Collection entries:
-*-*-
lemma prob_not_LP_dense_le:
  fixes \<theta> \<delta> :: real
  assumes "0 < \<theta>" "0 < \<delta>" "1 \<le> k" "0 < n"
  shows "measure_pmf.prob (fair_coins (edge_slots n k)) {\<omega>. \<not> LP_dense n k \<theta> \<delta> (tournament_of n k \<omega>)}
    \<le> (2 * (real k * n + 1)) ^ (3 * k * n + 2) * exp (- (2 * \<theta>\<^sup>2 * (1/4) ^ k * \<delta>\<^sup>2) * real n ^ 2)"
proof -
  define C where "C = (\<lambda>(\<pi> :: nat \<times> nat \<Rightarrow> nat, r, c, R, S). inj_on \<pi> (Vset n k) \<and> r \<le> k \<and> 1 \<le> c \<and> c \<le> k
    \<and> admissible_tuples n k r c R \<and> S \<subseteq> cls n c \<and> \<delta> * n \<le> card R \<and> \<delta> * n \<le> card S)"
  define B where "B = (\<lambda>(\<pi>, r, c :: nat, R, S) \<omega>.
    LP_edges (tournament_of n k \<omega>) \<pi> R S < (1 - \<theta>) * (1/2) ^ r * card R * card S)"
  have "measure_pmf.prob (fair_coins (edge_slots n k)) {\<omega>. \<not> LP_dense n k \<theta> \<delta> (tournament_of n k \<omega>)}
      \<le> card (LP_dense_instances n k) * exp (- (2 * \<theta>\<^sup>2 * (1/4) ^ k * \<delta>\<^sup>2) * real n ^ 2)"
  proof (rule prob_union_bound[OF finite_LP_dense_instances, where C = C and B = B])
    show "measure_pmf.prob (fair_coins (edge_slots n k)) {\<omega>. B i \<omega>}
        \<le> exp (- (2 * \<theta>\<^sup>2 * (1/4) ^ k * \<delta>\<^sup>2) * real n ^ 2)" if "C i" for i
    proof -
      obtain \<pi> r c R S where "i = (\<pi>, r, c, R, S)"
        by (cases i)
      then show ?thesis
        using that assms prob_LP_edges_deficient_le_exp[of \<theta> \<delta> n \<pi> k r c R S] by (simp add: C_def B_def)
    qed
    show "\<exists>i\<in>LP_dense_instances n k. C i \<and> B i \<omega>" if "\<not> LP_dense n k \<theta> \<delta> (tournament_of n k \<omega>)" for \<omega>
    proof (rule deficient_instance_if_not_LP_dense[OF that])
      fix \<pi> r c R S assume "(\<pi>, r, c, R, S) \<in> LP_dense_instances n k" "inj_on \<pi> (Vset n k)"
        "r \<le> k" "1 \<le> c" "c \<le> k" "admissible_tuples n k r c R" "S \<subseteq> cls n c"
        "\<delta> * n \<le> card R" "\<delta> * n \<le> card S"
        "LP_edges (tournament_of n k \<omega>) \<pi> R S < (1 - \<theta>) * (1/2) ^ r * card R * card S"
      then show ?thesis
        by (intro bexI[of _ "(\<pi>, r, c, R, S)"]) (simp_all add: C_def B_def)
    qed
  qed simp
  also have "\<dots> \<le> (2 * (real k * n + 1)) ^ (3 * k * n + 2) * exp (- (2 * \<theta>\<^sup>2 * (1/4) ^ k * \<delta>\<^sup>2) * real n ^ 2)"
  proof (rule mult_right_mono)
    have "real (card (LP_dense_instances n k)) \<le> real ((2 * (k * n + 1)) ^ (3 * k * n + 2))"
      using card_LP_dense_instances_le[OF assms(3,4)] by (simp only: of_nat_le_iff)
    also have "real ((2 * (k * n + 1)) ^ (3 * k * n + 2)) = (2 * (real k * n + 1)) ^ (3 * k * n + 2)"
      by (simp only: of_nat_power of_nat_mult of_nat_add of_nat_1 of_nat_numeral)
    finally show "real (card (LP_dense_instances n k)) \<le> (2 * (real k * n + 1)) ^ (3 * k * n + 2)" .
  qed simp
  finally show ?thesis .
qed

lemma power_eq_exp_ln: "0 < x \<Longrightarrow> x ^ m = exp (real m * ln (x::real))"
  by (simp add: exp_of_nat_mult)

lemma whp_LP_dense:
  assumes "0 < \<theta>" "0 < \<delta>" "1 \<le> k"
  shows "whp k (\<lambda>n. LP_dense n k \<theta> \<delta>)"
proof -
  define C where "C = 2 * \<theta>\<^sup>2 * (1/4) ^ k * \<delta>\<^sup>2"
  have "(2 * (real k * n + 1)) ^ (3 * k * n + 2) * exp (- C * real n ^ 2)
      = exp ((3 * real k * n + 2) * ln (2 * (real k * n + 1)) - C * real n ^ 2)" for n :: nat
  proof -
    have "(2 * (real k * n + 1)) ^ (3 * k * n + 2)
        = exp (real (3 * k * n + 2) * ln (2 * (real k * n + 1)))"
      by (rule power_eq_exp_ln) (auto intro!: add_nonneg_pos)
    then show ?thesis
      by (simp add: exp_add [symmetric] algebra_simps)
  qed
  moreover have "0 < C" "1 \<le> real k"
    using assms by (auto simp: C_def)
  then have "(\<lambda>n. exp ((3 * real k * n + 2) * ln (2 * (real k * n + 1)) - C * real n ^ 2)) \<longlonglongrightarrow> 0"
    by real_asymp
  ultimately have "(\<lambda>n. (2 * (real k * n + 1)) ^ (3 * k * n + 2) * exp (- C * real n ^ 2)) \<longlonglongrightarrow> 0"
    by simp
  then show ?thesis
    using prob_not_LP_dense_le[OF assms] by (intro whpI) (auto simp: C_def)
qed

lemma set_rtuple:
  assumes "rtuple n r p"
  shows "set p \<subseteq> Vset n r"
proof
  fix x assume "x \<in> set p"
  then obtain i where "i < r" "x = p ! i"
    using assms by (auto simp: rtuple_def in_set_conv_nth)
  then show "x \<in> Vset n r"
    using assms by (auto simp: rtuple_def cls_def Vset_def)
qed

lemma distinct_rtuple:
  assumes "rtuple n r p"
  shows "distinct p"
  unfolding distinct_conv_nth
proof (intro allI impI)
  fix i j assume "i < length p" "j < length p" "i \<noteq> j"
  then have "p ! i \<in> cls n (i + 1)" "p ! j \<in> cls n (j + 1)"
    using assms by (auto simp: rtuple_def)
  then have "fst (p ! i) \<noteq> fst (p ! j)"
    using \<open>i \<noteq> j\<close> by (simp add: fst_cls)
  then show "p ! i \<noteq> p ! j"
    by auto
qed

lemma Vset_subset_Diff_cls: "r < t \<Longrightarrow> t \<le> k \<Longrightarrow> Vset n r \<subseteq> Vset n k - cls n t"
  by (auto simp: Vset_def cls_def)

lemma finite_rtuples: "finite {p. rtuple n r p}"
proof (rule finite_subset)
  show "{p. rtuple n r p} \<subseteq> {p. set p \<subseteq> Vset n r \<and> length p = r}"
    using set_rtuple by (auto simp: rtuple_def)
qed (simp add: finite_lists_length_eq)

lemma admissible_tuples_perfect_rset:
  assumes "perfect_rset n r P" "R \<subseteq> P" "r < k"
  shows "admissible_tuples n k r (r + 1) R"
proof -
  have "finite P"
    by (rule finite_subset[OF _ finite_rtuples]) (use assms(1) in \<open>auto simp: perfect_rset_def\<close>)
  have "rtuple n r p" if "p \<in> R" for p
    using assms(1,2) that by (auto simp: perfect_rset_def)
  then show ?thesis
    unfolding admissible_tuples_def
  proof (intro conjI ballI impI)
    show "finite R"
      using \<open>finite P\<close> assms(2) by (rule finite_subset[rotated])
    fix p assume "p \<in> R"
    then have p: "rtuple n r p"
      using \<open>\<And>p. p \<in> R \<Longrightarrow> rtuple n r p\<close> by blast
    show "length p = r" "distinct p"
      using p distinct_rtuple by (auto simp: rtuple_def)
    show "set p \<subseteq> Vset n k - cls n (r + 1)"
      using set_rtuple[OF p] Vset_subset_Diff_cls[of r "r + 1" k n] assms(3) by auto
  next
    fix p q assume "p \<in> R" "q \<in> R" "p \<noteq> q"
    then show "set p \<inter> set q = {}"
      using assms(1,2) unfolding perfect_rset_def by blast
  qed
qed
-*-*-
_Try it_.
Please filter the entries for the word "longlonglongrightarrow" and copy the lines that have it.

_Expected answer_.
  then have "(\<lambda>n. exp ((3 * real k * n + 2) * ln (2 * (real k * n + 1)) - C * real n ^ 2)) \<longlonglongrightarrow> 0"
  ultimately have "(\<lambda>n. (2 * (real k * n + 1)) ^ (3 * k * n + 2) * exp (- C * real n ^ 2)) \<longlonglongrightarrow> 0"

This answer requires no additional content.